(Saved data entries)

──────────

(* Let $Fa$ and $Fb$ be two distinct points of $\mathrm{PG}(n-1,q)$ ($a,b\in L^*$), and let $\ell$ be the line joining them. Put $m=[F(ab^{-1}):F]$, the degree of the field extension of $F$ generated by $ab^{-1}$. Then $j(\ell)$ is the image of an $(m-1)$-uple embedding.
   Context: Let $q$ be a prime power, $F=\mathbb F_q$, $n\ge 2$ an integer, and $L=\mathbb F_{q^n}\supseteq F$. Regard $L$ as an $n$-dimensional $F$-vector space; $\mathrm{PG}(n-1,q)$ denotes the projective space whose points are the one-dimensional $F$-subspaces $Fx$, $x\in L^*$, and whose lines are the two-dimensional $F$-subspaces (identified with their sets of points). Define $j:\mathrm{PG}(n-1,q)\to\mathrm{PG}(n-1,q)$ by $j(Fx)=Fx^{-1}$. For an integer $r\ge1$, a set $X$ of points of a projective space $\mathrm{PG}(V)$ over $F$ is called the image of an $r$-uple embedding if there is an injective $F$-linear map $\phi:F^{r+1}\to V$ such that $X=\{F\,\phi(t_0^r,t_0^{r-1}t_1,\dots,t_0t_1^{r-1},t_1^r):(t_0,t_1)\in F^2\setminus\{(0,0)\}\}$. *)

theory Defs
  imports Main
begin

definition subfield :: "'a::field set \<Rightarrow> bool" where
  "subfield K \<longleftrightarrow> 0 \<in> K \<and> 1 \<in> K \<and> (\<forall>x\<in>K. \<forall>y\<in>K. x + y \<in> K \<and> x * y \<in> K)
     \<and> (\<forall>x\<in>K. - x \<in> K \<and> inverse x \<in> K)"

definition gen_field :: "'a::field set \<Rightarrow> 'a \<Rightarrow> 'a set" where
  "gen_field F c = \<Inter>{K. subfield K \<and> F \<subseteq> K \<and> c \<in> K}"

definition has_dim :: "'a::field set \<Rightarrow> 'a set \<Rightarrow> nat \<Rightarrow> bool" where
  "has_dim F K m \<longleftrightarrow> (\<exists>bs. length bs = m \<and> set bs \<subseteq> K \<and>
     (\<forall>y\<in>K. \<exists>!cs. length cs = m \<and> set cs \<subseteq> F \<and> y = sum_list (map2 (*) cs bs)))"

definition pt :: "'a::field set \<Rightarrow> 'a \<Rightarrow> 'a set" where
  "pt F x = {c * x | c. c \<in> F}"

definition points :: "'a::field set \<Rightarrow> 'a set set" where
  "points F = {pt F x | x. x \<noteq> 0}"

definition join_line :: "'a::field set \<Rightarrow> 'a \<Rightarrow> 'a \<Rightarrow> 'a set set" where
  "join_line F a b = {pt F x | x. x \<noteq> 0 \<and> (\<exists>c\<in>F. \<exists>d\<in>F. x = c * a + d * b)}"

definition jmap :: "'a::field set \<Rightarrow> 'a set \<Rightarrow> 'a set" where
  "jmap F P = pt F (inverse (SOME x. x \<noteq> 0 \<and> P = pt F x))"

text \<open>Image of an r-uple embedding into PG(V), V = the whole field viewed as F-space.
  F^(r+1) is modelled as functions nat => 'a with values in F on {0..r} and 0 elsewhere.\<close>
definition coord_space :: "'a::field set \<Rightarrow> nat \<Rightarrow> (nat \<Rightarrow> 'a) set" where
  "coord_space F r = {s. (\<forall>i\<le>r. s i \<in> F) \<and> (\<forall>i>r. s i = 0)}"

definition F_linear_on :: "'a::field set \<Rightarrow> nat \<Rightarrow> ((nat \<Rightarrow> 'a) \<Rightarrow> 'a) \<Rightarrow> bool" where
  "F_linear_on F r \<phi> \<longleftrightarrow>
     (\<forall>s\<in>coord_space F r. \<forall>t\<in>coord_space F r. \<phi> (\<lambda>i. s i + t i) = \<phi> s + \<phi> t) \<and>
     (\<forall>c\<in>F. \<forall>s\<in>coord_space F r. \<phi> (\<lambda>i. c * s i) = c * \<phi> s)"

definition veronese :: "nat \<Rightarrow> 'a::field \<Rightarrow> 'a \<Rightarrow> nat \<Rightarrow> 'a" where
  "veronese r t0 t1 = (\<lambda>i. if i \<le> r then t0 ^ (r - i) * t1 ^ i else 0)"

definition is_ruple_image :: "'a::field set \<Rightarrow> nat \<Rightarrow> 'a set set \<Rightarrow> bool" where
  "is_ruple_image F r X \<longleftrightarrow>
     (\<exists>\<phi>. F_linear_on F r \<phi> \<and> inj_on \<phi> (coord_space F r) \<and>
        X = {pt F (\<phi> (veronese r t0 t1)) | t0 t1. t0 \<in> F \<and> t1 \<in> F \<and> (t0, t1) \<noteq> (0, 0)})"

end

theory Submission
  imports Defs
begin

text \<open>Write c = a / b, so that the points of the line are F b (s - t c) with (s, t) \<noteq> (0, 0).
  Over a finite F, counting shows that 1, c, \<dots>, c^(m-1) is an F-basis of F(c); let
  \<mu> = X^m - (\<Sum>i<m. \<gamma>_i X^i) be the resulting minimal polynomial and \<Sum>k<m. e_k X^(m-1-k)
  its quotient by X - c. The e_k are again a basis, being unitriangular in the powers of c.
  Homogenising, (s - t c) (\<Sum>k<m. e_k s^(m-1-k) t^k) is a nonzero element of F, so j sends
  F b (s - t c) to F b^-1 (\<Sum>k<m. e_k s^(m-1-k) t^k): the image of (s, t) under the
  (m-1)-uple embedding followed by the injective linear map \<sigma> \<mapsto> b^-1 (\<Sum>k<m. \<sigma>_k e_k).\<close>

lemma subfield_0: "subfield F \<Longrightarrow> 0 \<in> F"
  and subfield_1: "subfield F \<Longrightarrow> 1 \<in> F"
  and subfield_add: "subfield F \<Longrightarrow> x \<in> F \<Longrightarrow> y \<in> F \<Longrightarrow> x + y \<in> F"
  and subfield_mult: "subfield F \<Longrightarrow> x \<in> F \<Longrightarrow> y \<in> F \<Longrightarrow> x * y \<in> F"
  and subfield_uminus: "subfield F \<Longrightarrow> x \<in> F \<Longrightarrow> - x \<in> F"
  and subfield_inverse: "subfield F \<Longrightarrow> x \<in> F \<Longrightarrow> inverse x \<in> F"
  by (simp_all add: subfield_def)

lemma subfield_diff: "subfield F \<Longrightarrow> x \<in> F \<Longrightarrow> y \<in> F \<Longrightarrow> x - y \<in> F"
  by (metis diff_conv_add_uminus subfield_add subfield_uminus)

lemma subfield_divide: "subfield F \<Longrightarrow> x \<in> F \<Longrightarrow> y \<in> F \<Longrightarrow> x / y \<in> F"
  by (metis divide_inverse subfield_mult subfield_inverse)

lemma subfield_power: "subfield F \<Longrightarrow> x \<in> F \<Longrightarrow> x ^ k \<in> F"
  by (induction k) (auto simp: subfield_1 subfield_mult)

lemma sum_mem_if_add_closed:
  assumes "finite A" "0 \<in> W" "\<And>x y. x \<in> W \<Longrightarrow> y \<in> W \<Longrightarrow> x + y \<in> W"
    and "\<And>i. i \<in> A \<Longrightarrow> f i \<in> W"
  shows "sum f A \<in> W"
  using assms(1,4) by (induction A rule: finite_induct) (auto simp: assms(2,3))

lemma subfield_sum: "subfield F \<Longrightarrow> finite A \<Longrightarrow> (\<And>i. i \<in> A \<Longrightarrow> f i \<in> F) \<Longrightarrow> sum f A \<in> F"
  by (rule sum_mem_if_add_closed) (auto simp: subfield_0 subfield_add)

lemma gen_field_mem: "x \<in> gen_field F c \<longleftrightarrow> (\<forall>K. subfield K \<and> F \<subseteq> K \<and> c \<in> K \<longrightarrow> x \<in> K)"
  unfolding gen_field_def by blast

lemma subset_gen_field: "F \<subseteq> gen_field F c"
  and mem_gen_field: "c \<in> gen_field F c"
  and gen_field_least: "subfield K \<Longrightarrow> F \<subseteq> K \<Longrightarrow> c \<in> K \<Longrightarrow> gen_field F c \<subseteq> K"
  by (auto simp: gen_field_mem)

──────────

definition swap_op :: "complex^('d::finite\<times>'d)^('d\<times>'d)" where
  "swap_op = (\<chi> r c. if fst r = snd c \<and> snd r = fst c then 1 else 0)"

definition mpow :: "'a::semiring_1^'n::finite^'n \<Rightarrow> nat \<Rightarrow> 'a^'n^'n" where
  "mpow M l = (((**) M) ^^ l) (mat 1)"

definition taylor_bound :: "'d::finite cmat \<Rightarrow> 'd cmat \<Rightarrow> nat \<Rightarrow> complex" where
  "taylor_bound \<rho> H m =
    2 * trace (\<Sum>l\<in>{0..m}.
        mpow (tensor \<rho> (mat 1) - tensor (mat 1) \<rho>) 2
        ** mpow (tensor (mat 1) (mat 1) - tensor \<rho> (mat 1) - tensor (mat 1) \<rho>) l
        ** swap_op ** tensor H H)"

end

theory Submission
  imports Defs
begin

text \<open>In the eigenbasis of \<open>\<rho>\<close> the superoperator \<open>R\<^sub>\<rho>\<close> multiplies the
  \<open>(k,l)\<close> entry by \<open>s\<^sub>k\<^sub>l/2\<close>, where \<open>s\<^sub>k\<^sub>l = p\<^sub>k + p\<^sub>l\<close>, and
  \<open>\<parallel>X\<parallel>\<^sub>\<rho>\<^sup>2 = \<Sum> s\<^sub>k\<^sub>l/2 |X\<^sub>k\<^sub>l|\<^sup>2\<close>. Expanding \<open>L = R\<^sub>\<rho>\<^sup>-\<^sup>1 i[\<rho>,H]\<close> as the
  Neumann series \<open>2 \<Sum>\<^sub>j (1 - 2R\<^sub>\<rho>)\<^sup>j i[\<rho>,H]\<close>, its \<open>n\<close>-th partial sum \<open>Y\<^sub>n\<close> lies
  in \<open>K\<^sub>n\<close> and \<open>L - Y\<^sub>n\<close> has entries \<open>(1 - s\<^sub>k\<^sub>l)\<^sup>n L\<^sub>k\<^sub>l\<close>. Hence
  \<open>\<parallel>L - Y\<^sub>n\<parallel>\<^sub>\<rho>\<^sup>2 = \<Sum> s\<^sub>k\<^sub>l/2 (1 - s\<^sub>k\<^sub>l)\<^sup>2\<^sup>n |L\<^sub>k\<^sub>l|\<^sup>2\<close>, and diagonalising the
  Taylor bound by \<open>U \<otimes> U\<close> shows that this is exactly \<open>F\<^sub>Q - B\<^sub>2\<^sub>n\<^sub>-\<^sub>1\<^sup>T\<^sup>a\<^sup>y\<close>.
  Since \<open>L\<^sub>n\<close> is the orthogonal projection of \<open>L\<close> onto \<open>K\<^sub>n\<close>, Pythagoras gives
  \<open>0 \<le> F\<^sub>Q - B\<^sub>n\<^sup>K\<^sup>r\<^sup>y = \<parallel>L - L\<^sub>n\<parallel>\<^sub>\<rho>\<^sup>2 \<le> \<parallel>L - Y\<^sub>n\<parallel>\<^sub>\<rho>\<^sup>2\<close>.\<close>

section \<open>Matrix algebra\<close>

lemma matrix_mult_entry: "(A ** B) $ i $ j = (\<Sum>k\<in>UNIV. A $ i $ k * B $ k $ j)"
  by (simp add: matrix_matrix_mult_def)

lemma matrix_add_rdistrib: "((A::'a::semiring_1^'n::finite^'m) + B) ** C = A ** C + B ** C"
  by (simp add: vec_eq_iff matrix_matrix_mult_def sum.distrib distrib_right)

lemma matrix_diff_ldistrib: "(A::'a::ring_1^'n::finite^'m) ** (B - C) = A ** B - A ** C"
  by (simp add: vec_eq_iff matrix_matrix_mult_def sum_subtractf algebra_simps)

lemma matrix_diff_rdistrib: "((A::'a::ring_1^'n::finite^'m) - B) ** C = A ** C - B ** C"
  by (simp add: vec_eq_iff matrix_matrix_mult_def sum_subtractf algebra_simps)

──────────

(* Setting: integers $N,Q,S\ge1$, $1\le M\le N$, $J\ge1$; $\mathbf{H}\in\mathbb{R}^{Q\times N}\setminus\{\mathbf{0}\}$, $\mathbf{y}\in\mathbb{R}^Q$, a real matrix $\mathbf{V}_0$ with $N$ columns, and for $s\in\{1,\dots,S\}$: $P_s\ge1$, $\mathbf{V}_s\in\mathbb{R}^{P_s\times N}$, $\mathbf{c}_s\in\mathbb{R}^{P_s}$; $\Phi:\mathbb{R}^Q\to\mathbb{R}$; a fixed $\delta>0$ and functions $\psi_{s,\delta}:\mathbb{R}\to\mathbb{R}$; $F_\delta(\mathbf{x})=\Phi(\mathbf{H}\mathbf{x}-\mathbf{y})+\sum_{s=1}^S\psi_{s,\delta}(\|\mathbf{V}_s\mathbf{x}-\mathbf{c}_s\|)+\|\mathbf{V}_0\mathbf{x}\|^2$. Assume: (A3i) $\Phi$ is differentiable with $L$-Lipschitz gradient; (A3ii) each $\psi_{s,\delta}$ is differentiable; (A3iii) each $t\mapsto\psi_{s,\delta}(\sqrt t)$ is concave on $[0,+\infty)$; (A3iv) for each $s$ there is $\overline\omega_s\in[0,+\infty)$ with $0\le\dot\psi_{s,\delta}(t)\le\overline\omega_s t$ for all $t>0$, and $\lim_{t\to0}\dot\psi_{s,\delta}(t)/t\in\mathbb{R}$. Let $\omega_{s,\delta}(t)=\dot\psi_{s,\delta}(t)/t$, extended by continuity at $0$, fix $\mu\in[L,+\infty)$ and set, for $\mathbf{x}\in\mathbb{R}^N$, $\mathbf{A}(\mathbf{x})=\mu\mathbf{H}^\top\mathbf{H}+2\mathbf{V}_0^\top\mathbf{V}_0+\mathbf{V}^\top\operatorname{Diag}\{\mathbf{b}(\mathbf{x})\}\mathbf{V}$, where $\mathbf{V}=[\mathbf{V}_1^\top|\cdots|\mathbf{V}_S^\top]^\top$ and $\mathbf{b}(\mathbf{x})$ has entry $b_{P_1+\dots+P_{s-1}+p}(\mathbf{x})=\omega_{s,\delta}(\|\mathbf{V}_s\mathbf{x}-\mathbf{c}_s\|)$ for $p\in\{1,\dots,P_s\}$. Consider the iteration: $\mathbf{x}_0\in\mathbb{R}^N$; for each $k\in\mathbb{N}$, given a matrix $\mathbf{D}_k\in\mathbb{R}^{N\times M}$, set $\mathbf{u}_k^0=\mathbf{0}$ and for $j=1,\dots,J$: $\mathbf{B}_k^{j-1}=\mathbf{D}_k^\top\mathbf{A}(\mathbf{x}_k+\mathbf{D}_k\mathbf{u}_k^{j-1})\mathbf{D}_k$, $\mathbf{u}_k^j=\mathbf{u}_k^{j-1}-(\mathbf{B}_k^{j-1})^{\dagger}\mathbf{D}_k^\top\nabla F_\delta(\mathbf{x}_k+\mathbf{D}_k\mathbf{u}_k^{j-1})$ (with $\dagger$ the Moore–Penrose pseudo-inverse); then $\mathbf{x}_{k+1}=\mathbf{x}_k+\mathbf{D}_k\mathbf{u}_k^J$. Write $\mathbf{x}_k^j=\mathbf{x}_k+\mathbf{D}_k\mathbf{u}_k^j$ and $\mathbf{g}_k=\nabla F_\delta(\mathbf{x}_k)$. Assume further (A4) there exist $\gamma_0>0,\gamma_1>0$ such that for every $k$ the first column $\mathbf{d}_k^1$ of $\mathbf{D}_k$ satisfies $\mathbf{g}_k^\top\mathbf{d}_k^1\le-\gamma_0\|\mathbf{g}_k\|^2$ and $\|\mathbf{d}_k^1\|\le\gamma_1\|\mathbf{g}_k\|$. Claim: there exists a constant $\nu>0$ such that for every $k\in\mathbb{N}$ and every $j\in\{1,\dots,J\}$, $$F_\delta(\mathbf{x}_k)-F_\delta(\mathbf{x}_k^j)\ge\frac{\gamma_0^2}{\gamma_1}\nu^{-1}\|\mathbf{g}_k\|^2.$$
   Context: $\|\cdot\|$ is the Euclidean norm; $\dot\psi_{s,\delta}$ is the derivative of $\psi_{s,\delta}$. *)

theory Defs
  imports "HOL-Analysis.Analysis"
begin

──────────

● Directions for this task:
Retype the portion of the data above that starts on the line with "K \<Longrightarrow> F" and finishes on the line with "by (auto simp: gen_field_mem)", including both of those lines.

● Answer box:
  and gen_field_least: "subfield K \<Longrightarrow> F \<subseteq> K \<Longrightarrow> c \<in> K \<Longrightarrow> gen_field F c \<subseteq> K"
  by (auto simp: gen_field_mem)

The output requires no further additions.